== Exercise directions ==
Among the records that follow, set down only the lines from the one containing "Context: $|w|_x$ is" to the one containing "length (filter (\<lambda>y.", both included, exactly.

Data for analysis section start

(* Suppose $R=0$ and $f$ satisfies the Polyak–Łojasiewicz condition with constant $\mu>0$: $\|\nabla f(x)\|^2\ge2\mu(f(x)-f^\star)$ for all $x\in\mathbb{R}^d$, where $f^\star=f(x^\star)$ for a minimizer $x^\star$ of $f$. In EF-BV, suppose $\nu\in(0,1]$, $\lambda\in(0,1]$ is such that $r<1$, and $$0<\gamma\le\frac{1}{L+\tilde L\sqrt{\frac{r_{\mathrm{av}}}{r}}\frac{1}{s^\star}}.$$ For $t\ge0$ define $\Psi^t=f(x^t)-f^\star+\frac{\gamma}{2\theta^\star}\frac1n\sum_{i=1}^n\|\nabla f_i(x^t)-h_i^t\|^2$. Then for every $t\ge0$, $$\mathbb{E}[\Psi^t]\le\Big(\max\Big(1-\gamma\mu,\frac{r+1}{2}\Big)\Big)^t\Psi^0.$$
   Context: Problem setting: $f=\frac1n\sum_{i=1}^nf_i$, where each $f_i:\mathbb{R}^d\to\mathbb{R}$ is convex and $L_i$-smooth (differentiable with $L_i$-Lipschitz gradient); $\tilde L=\sqrt{\frac1n\sum_iL_i^2}$ and $f$ is $L$-smooth with $L\le\tilde L$; $R:\mathbb{R}^d\to\mathbb{R}\cup\{+\infty\}$ is proper closed convex, $\mathrm{prox}_{\gamma R}(x)=\arg\min_y(\gamma R(y)+\frac12\|x-y\|^2)$, and a minimizer of $f+R$ exists. For $\eta\in[0,1)$, $\omega\ge0$, $\mathbb{C}(\eta,\omega)$ is the class of randomized operators $\mathcal{C}:\mathbb{R}^d\to\mathbb{R}^d$ with $\|\mathbb{E}[\mathcal{C}(x)]-x\|\le\eta\|x\|$ and $\mathbb{E}\|\mathcal{C}(x)-\mathbb{E}[\mathcal{C}(x)]\|^2\le\omega\|x\|^2$ for all $x$. Compressors $\mathcal{C}_i^t$ ($i=1,\dots,n$, $t\ge0$) all lie in $\mathbb{C}(\eta,\omega)$; those used at iteration $t$ are independent of all randomness of previous iterations; $\omega_{\mathrm{av}}\in[0,\omega]$ satisfies, for every $t$ and all $x_1,\dots,x_n$, $\mathbb{E}\|\frac1n\sum_i(\mathcal{C}_i^t(x_i)-\mathbb{E}[\mathcal{C}_i^t(x_i)])\|^2\le\frac{\omega_{\mathrm{av}}}{n}\sum_i\|x_i\|^2$. Algorithm EF-BV: given $x^0,h_1^0,\dots,h_n^0$, $\gamma>0$, $\lambda,\nu\in(0,1]$, $h^0=\frac1n\sum_ih_i^0$; for $t\ge0$: $d_i^t=\mathcal{C}_i^t(\nabla f_i(x^t)-h_i^t)$, $h_i^{t+1}=h_i^t+\lambda d_i^t$, $d^t=\frac1n\sum_id_i^t$, $h^{t+1}=h^t+\lambda d^t$, $g^{t+1}=h^t+\nu d^t$, $x^{t+1}=\mathrm{prox}_{\gamma R}(x^t-\gamma g^{t+1})$. Constants: $r=(1-\lambda+\lambda\eta)^2+\lambda^2\omega$, $r_{\mathrm{av}}=(1-\nu+\nu\eta)^2+\nu^2\omega_{\mathrm{av}}$, $s^\star=\sqrt{\frac{1+r}{2r}}-1$, $\theta^\star=s^\star(1+s^\star)\frac{r}{r_{\mathrm{av}}}$ (with $r>0$ and $r_{\mathrm{av}}>0$ so these are finite and positive). *)

theory Defs
  imports "HOL-Probability.Probability"
begin

text \<open>Constants of EF-BV. r = efbv_r lam eta om, r_av = efbv_r nu eta om_av.\<close>
definition efbv_r :: "real \<Rightarrow> real \<Rightarrow> real \<Rightarrow> real" where
  "efbv_r a eta om = (1 - a + a * eta)^2 + a^2 * om"

definition s_star :: "real \<Rightarrow> real" where
  "s_star r = sqrt ((1 + r) / (2 * r)) - 1"

definition theta_star :: "real \<Rightarrow> real \<Rightarrow> real" where
  "theta_star r rav = s_star r * (1 + s_star r) * r / rav"

text \<open>EF-BV with R = 0 (so prox is the identity). The state at time t is
  (x^t, (h_i^t)_i, h^t). Cr t i is the realisation of the compressor C_i^t.\<close>
fun efbv :: "nat \<Rightarrow> real \<Rightarrow> real \<Rightarrow> real \<Rightarrow> (nat \<Rightarrow> 'a \<Rightarrow> 'a::real_vector)
    \<Rightarrow> (nat \<Rightarrow> nat \<Rightarrow> 'a \<Rightarrow> 'a) \<Rightarrow> 'a \<Rightarrow> (nat \<Rightarrow> 'a) \<Rightarrow> nat
    \<Rightarrow> 'a \<times> (nat \<Rightarrow> 'a) \<times> 'a" where
  "efbv n gamma lam nu grad Cr x0 h0 0 = (x0, h0, (1 / real n) *\<^sub>R (\<Sum>i<n. h0 i))"
| "efbv n gamma lam nu grad Cr x0 h0 (Suc t) =
     (case efbv n gamma lam nu grad Cr x0 h0 t of (x, h, hb) \<Rightarrow>
       let d = (\<lambda>i. Cr t i (grad i x - h i));
           db = (1 / real n) *\<^sub>R (\<Sum>i<n. d i);
           g = hb + nu *\<^sub>R db
       in (x - gamma *\<^sub>R g, (\<lambda>i. h i + lam *\<^sub>R d i), hb + lam *\<^sub>R db))"
(* Let $w$ be a finite balanced word over $\Sigma=\{a,b\}$. Then for any integer $k>0$, $P(w)\equiv(0,0)\pmod k$ (i.e., both $|w|_a$ and $|w|_b$ are divisible by $k$) if and only if $w$ is an abelian $k$-power.
   Context: $|w|_x$ is the number of occurrences of letter $x$ in $w$, and $P(w)=(|w|_a,|w|_b)$ is the Parikh vector. A word $w$ over $\{a,b\}$ is balanced if for any two factors $u,v$ of $w$ of the same length, $\big||u|_a-|v|_a\big|\leq 1$. An abelian $k$-power is a word of the form $v_1v_2\cdots v_k$ where all $v_i$ have the same Parikh vector. *)

theory Defs
  imports Main
begin

datatype letter = A | B

definition occ :: "letter list \<Rightarrow> letter \<Rightarrow> nat" where
  "occ w x = length (filter (\<lambda>y. y = x) w)"

definition parikh :: "letter list \<Rightarrow> nat \<times> nat" where
  "parikh w = (occ w A, occ w B)"

definition is_factor :: "letter list \<Rightarrow> letter list \<Rightarrow> bool" where
  "is_factor u w \<longleftrightarrow> (\<exists>x y. w = x @ u @ y)"

definition balanced :: "letter list \<Rightarrow> bool" where
  "balanced w \<longleftrightarrow> (\<forall>u v. is_factor u w \<longrightarrow> is_factor v w \<longrightarrow> length u = length v \<longrightarrow>
      \<bar>int (occ u A) - int (occ v A)\<bar> \<le> 1)"

definition abelian_power :: "nat \<Rightarrow> letter list \<Rightarrow> bool" where
  "abelian_power k w \<longleftrightarrow> (\<exists>vs. length vs = k \<and> concat vs = w \<and>
      (\<forall>i<k. \<forall>j<k. parikh (vs ! i) = parikh (vs ! j)))"

end

theory Submission
  imports Defs
begin

text \<open>
  If \<open>k\<close> divides both letter counts, cut \<open>w\<close> into \<open>k\<close> consecutive blocks of
  length \<open>|w|/k\<close>. The blocks are factors of equal length, so by balancedness their
  \<open>a\<close>-counts differ by at most one; since these counts average to \<open>|w|\<^sub>a/k\<close>, they
  are all equal to it, and the blocks share one Parikh vector. The converse holds
  for every word: the Parikh vector of an abelian \<open>k\<close>-power is \<open>k\<close> times that
  of one of its blocks.
\<close>

lemma occ_append [simp]: "occ (xs @ ys) x = occ xs x + occ ys x"
  by (simp add: occ_def)

lemma occ_concat: "occ (concat vs) x = (\<Sum>v\<leftarrow>vs. occ v x)"
  by (induction vs) (simp_all add: occ_def)

lemma occ_A_plus_occ_B: "occ v A + occ v B = length v"
proof -
  have "filter (\<lambda>y. y = B) v = filter (\<lambda>y. \<not> y = A) v"
    by (rule filter_cong) (auto intro: letter.exhaust)
  then show ?thesis
    using sum_length_filter_compl[of "\<lambda>y. y = A" v] by (simp add: occ_def)
qed

lemma parikh_eq_iff_occ_eq: "parikh u = parikh v \<longleftrightarrow> (\<forall>x. occ u x = occ v x)"
  by (simp add: parikh_def) (metis letter.exhaust)

lemma balanced_occ_A_le_Suc:
  assumes "balanced w" "is_factor u w" "is_factor v w" "length u = length v"
  shows "occ u A \<le> occ v A + 1"
  using assms unfolding balanced_def by fastforce

lemma nearly_constant_list_eq_mean:
  fixes xs :: "nat list"
  assumes close: "\<forall>x\<in>set xs. \<forall>y\<in>set xs. x \<le> y + 1"
    and sum: "sum_list xs = length xs * q" and "z \<in> set xs"
  shows "z = q"
proof -
  let ?rest = "sum_list (remove1 z xs)"
  have split: "sum_list xs = z + ?rest" and len: "length xs = Suc (length (remove1 z xs))"
    using \<open>z \<in> set xs\<close> sum_list_map_remove1[of z xs id] length_pos_if_in_set[of z xs]
    by (simp_all add: length_remove1)
  have "\<not> z < q"
  proof
    assume "z < q"
    then have "\<forall>x\<in>set (remove1 z xs). x \<le> q"
      using close \<open>z \<in> set xs\<close> set_remove1_subset by fastforce
    then have "?rest \<le> length (remove1 z xs) * q"
      using sum_list_mono[of "remove1 z xs" id "\<lambda>_. q"] by (simp add: sum_list_triv)
    then show False using \<open>z < q\<close> split len sum by simp
  qed
  moreover have "\<not> q < z"
  proof
    assume "q < z"
    then have "\<forall>x\<in>set (remove1 z xs). q \<le> x"
      using close \<open>z \<in> set xs\<close> set_remove1_subset by fastforce
    then have "length (remove1 z xs) * q \<le> ?rest"
      using sum_list_mono[of "remove1 z xs" "\<lambda>_. q" id] by (simp add: sum_list_triv)
    then show False using \<open>q < z\<close> split len sum by simp
  qed
  ultimately show ?thesis by simp
qed

fun blocks :: "nat \<Rightarrow> nat \<Rightarrow> 'a list \<Rightarrow> 'a list list" where
  "blocks m 0 w = []"
| "blocks m (Suc k) w = take m w # blocks m k (drop m w)"

lemma length_blocks: "length (blocks m k w) = k"
  by (induction k arbitrary: w) auto

lemma concat_blocks: "length w = k * m \<Longrightarrow> concat (blocks m k w) = w"
  by (induction k arbitrary: w) auto

lemma length_in_blocks: "length w = k * m \<Longrightarrow> v \<in> set (blocks m k w) \<Longrightarrow> length v = m"
proof (induction k arbitrary: w)
  case (Suc k)
  then show ?case using Suc.IH[of "drop m w"] by auto
qed simp

lemma is_factor_in_blocks: "v \<in> set (blocks m k w) \<Longrightarrow> is_factor v w"
proof (induction k arbitrary: w)
  case (Suc k)
  then consider "v = take m w" | "is_factor v (drop m w)" by auto
  then show ?case
  proof cases
    case 1
    then show ?thesis unfolding is_factor_def by (metis append_Nil append_take_drop_id)
  next
    case 2
    then obtain x y where "drop m w = x @ v @ y" unfolding is_factor_def by blast
    then have "w = (take m w @ x) @ v @ y" by (metis append.assoc append_take_drop_id)
    then show ?thesis unfolding is_factor_def by blast
  qed
qed simp

lemma abelian_power_dvd_occ:
  assumes "abelian_power k w"
  shows "k dvd occ w x"
proof -
  obtain vs where "length vs = k" "concat vs = w"
    and same: "\<forall>i<k. \<forall>j<k. parikh (vs ! i) = parikh (vs ! j)"
    using assms unfolding abelian_power_def by blast
  have same_occ: "occ v x = occ (vs ! 0) x" if v: "v \<in> set vs" for v
  proof -
    obtain i where "i < k" "v = vs ! i"
      using v \<open>length vs = k\<close> by (auto simp: in_set_conv_nth)
    moreover have "0 < k" using \<open>i < k\<close> by simp
    ultimately have "parikh v = parikh (vs ! 0)" using same by blast
    then show ?thesis by (simp add: parikh_eq_iff_occ_eq)
  qed
  have "occ w x = (\<Sum>v\<leftarrow>vs. occ v x)"
    using occ_concat[of vs x] \<open>concat vs = w\<close> by simp
  also have "\<dots> = (\<Sum>_\<leftarrow>vs. occ (vs ! 0) x)"
    using same_occ by (intro arg_cong[where f = sum_list] map_cong) auto
  also have "\<dots> = k * occ (vs ! 0) x"
    using \<open>length vs = k\<close> by (simp add: sum_list_triv)
  finally show ?thesis by simp
qed

lemma balanced_dvd_occ_abelian_power:
  assumes "balanced w" and "k dvd occ w A" and "k dvd occ w B"
  shows "abelian_power k w"
proof -
  obtain qa qb where qa: "occ w A = k * qa" and qb: "occ w B = k * qb"
    using assms(2,3) unfolding dvd_def by blast
  define m where "m = qa + qb"
  define vs where "vs = blocks m k w"
  have len: "length w = k * m"
    using occ_A_plus_occ_B[of w] qa qb by (simp add: m_def algebra_simps)
  have "length vs = k" and "concat vs = w"
    by (simp_all add: vs_def length_blocks concat_blocks len)
  have len_v: "length v = m" and factor_v: "is_factor v w" if "v \<in> set vs" for v
    using that length_in_blocks[OF len] is_factor_in_blocks by (auto simp: vs_def)
  have occ_A_v: "occ v A = qa" if "v \<in> set vs" for v
  proof (rule nearly_constant_list_eq_mean[of "map (\<lambda>v. occ v A) vs"])
    show "\<forall>x\<in>set (map (\<lambda>v. occ v A) vs). \<forall>y\<in>set (map (\<lambda>v. occ v A) vs). x \<le> y + 1"
      using balanced_occ_A_le_Suc[OF \<open>balanced w\<close>] factor_v len_v by auto
    show "sum_list (map (\<lambda>v. occ v A) vs) = length (map (\<lambda>v. occ v A) vs) * qa"
      using occ_concat[of vs A] \<open>concat vs = w\<close> \<open>length vs = k\<close> qa by simp
  qed (use that in simp)
  have "parikh v = (qa, qb)" if "v \<in> set vs" for v
    using occ_A_v[OF that] len_v[OF that] occ_A_plus_occ_B[of v]
    by (simp add: parikh_def m_def)
  then show ?thesis
    unfolding abelian_power_def using \<open>length vs = k\<close> \<open>concat vs = w\<close> by (metis nth_mem)
qed

theorem lemma4:
  fixes w :: "letter list" and k :: nat
  assumes "balanced w" and "k > 0"
  shows "(k dvd occ w A \<and> k dvd occ w B) \<longleftrightarrow> abelian_power k w"
  using assms(1) balanced_dvd_occ_abelian_power abelian_power_dvd_occ by blast

end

Data for analysis section end

== Task solution ==
   Context: $|w|_x$ is the number of occurrences of letter $x$ in $w$, and $P(w)=(|w|_a,|w|_b)$ is the Parikh vector. A word $w$ over $\{a,b\}$ is balanced if for any two factors $u,v$ of $w$ of the same length, $\big||u|_a-|v|_a\big|\leq 1$. An abelian $k$-power is a word of the form $v_1v_2\cdots v_k$ where all $v_i$ have the same Parikh vector. *)

theory Defs
  imports Main
begin

datatype letter = A | B

definition occ :: "letter list \<Rightarrow> letter \<Rightarrow> nat" where
  "occ w x = length (filter (\<lambda>y. y = x) w)"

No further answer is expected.